▸ BRIEF
Each line with the word "noteq" must appear in the answer, copied from the records.

========

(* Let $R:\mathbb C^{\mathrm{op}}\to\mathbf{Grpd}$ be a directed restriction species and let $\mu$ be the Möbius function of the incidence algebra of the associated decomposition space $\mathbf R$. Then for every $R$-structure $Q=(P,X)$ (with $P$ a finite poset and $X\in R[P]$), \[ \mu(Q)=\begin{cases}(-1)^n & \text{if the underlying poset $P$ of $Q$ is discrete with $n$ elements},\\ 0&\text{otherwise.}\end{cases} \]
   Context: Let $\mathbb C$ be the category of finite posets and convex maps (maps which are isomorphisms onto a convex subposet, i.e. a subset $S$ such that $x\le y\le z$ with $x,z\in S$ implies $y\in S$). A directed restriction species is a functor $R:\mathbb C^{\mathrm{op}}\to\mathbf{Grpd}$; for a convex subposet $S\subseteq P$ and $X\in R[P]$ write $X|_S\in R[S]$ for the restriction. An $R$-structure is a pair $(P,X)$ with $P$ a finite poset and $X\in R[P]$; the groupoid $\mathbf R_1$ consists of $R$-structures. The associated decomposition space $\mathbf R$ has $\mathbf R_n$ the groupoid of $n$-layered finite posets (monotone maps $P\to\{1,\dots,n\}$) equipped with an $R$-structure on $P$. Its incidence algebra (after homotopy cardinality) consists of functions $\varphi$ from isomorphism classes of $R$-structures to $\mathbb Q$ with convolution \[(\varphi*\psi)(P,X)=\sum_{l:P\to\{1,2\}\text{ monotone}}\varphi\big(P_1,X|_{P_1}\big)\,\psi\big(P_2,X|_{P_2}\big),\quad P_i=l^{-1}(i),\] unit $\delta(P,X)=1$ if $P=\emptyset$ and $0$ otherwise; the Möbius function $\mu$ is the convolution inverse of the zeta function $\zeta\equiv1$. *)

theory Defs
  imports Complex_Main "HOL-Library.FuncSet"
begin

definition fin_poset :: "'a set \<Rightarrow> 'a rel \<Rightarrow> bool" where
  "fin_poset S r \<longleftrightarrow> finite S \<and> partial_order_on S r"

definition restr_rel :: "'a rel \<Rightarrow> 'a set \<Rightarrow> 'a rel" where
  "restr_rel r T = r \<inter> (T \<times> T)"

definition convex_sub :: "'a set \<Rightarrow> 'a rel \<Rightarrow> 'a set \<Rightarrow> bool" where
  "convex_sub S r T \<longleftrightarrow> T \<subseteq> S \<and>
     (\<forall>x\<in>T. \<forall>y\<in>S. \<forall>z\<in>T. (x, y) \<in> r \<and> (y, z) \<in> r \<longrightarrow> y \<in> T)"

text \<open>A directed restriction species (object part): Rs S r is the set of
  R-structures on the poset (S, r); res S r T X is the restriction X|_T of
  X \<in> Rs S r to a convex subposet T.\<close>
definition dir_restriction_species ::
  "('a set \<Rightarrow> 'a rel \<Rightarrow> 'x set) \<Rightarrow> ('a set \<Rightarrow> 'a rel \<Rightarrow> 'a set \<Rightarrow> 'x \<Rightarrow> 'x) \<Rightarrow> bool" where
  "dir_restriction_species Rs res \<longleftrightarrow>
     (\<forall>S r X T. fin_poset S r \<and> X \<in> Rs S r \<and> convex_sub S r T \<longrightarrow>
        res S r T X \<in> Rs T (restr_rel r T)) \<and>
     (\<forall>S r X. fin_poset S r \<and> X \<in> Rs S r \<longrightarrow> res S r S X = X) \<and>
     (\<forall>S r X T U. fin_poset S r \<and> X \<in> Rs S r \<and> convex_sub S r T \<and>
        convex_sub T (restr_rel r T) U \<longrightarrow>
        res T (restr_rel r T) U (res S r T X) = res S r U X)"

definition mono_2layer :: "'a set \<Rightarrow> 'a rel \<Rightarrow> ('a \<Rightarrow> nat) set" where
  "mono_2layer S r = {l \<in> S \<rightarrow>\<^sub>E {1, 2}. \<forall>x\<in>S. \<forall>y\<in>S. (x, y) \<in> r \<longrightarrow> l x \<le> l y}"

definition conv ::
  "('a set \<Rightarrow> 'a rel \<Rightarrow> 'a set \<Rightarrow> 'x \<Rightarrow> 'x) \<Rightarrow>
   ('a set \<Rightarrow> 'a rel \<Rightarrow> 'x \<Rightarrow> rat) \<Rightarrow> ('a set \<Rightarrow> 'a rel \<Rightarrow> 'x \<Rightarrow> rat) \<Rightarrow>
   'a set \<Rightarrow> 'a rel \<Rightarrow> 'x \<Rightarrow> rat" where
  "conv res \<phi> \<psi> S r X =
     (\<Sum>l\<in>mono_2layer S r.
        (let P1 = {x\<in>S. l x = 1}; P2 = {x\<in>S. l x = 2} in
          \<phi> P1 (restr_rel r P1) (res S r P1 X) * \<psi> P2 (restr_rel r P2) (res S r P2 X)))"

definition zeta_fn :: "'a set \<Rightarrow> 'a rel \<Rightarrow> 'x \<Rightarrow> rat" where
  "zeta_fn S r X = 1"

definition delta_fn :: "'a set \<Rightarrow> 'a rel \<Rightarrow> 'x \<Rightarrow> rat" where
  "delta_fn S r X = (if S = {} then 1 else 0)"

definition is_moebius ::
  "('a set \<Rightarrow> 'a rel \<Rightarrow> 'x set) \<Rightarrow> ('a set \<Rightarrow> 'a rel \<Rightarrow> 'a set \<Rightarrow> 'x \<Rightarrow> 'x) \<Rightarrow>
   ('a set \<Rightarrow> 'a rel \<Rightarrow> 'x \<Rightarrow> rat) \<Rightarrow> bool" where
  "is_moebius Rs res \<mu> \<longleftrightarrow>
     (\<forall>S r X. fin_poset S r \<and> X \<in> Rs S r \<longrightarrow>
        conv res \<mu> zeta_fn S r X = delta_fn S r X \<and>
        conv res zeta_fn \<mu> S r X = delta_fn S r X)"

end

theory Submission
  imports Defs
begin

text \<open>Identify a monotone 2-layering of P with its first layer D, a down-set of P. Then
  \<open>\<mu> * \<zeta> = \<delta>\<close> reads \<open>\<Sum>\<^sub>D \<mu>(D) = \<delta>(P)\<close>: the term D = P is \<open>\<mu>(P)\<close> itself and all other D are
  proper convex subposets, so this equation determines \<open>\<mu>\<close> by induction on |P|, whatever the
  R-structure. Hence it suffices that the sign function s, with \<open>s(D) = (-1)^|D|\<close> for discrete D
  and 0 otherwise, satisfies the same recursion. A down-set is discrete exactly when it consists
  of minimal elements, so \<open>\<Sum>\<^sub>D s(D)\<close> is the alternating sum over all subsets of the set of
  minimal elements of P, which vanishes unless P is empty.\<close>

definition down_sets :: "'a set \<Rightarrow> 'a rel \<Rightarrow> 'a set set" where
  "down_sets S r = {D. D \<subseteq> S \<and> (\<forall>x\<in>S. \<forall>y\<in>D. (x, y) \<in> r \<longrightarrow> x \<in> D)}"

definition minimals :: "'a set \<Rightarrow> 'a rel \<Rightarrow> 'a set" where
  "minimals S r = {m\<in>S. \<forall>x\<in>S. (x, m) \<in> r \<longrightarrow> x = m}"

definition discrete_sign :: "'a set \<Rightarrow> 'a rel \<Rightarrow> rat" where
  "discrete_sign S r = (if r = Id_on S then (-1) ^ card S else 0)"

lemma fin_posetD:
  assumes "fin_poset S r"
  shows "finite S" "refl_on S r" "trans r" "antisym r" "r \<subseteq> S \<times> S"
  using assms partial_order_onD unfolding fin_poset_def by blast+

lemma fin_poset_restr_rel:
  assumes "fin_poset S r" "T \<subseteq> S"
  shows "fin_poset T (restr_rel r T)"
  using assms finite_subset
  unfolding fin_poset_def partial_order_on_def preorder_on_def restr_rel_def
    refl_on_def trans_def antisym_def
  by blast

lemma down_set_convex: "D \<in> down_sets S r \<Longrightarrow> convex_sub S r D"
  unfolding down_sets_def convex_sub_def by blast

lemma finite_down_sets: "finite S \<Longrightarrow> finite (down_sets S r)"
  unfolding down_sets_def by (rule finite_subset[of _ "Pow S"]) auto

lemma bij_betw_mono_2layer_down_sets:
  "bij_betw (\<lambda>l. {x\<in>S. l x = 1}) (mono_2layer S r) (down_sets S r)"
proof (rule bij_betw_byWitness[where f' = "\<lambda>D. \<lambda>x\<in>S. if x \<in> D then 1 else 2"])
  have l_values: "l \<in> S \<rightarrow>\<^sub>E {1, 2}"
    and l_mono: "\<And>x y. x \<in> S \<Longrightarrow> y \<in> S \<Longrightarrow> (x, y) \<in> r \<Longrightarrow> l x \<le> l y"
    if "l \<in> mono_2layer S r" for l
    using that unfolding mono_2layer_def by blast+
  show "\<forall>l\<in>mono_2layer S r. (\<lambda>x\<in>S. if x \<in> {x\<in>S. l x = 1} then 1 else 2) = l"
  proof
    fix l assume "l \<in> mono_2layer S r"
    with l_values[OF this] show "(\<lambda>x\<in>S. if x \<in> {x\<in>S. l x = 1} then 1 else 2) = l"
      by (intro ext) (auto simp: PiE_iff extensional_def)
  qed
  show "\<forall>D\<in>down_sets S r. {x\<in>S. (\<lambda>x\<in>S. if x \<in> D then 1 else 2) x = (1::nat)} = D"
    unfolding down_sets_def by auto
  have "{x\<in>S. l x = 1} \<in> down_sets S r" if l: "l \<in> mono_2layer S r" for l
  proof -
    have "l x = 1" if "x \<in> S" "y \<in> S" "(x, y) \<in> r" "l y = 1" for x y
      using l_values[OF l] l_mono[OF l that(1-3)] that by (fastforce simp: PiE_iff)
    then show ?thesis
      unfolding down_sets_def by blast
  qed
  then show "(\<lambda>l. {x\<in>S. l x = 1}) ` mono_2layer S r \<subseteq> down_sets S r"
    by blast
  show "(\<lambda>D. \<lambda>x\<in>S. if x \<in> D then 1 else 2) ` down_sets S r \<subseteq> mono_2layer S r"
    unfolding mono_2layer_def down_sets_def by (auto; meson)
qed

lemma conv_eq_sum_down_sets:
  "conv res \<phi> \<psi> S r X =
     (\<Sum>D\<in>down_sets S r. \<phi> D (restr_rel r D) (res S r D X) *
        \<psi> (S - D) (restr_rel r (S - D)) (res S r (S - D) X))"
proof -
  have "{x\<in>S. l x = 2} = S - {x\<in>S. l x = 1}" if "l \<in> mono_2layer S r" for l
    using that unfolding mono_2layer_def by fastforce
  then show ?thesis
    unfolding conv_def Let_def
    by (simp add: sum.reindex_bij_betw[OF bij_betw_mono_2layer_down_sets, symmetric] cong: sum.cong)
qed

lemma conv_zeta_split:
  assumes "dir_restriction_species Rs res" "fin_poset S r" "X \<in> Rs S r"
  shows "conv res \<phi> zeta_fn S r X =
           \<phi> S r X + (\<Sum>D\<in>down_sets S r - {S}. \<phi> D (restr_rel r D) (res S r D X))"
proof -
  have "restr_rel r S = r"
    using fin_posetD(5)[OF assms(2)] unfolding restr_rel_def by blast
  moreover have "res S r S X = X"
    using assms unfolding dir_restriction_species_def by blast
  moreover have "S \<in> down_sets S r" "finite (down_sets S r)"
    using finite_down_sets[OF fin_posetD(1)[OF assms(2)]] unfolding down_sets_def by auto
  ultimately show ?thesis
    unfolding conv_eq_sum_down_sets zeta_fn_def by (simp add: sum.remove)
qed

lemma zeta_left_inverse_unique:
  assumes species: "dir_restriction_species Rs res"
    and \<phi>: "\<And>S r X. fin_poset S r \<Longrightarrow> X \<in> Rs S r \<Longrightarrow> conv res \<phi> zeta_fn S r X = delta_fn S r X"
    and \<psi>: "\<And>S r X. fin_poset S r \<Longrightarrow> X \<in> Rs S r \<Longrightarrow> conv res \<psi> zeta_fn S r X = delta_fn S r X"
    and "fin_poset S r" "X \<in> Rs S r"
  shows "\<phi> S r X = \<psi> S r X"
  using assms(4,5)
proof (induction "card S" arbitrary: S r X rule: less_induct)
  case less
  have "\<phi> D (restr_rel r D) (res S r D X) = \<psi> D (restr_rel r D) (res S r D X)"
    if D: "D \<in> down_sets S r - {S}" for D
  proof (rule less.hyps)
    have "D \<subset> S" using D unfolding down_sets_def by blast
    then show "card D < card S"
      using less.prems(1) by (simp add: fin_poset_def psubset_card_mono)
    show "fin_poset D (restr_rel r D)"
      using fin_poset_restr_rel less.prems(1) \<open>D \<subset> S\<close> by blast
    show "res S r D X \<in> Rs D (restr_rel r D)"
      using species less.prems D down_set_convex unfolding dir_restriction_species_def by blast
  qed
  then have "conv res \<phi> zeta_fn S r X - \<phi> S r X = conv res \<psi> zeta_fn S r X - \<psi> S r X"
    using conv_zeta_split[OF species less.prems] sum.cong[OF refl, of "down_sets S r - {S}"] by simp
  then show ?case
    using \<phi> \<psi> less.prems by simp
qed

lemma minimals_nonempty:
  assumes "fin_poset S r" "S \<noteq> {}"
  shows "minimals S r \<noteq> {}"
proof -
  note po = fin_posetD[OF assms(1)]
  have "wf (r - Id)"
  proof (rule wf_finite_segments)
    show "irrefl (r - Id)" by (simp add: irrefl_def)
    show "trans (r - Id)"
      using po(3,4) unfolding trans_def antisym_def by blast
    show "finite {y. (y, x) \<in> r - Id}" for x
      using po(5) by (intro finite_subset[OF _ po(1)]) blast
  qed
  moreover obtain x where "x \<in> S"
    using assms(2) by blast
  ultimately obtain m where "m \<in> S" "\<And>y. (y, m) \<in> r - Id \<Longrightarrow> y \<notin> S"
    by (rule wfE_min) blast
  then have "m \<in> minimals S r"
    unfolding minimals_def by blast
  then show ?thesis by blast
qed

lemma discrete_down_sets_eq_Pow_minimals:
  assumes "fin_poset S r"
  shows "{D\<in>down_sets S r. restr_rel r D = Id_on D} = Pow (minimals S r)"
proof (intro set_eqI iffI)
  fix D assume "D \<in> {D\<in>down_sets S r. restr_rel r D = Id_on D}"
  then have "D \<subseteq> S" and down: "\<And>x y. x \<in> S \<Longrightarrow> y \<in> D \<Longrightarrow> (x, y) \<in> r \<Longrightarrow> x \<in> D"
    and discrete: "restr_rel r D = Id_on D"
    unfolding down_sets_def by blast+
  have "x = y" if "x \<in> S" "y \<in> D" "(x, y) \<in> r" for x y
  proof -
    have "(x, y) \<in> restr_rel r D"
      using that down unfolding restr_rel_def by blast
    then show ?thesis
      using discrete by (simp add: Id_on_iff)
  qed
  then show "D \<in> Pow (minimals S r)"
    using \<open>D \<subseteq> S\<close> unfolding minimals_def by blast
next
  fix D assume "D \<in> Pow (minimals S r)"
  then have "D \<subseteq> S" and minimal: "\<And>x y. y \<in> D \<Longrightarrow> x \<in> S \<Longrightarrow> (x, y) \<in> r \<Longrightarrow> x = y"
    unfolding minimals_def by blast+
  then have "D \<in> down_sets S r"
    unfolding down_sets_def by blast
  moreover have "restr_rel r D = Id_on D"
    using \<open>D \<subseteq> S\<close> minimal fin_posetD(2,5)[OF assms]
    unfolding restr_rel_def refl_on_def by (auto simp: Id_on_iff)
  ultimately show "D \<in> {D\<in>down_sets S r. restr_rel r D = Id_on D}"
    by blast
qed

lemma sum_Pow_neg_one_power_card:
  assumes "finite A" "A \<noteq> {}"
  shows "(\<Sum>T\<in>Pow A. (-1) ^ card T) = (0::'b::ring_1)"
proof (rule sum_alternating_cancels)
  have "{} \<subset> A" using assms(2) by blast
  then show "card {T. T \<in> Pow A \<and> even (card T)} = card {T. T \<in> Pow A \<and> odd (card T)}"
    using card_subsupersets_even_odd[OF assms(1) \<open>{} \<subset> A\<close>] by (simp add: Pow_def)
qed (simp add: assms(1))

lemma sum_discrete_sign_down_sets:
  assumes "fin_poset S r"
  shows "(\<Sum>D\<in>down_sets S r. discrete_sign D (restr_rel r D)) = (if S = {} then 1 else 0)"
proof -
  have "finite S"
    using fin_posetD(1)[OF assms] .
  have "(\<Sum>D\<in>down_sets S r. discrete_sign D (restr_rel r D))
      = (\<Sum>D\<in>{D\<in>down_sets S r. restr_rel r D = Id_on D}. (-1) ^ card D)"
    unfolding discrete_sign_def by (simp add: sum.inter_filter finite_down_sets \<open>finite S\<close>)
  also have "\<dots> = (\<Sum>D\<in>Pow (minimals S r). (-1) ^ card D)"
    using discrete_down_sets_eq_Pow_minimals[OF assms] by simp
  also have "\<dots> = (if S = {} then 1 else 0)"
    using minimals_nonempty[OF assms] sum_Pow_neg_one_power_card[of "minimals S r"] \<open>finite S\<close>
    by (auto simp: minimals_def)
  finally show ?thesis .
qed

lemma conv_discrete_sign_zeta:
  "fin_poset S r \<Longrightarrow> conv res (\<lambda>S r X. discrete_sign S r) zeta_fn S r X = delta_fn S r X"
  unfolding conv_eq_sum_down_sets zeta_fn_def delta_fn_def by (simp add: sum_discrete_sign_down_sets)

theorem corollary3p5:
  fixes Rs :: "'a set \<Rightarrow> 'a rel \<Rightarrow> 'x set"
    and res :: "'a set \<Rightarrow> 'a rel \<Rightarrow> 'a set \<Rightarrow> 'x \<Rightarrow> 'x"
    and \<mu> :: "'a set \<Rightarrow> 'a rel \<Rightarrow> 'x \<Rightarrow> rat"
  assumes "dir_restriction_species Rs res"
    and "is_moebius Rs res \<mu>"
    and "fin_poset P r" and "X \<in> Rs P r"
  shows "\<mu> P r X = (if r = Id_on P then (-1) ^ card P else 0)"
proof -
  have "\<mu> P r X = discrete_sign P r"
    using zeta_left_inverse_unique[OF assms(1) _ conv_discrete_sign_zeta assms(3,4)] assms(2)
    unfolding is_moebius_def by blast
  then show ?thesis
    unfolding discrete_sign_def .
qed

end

========

▸ WRITTEN REPLY
  assumes "fin_poset S r" "S \<noteq> {}"
  shows "minimals S r \<noteq> {}"
  assumes "finite A" "A \<noteq> {}"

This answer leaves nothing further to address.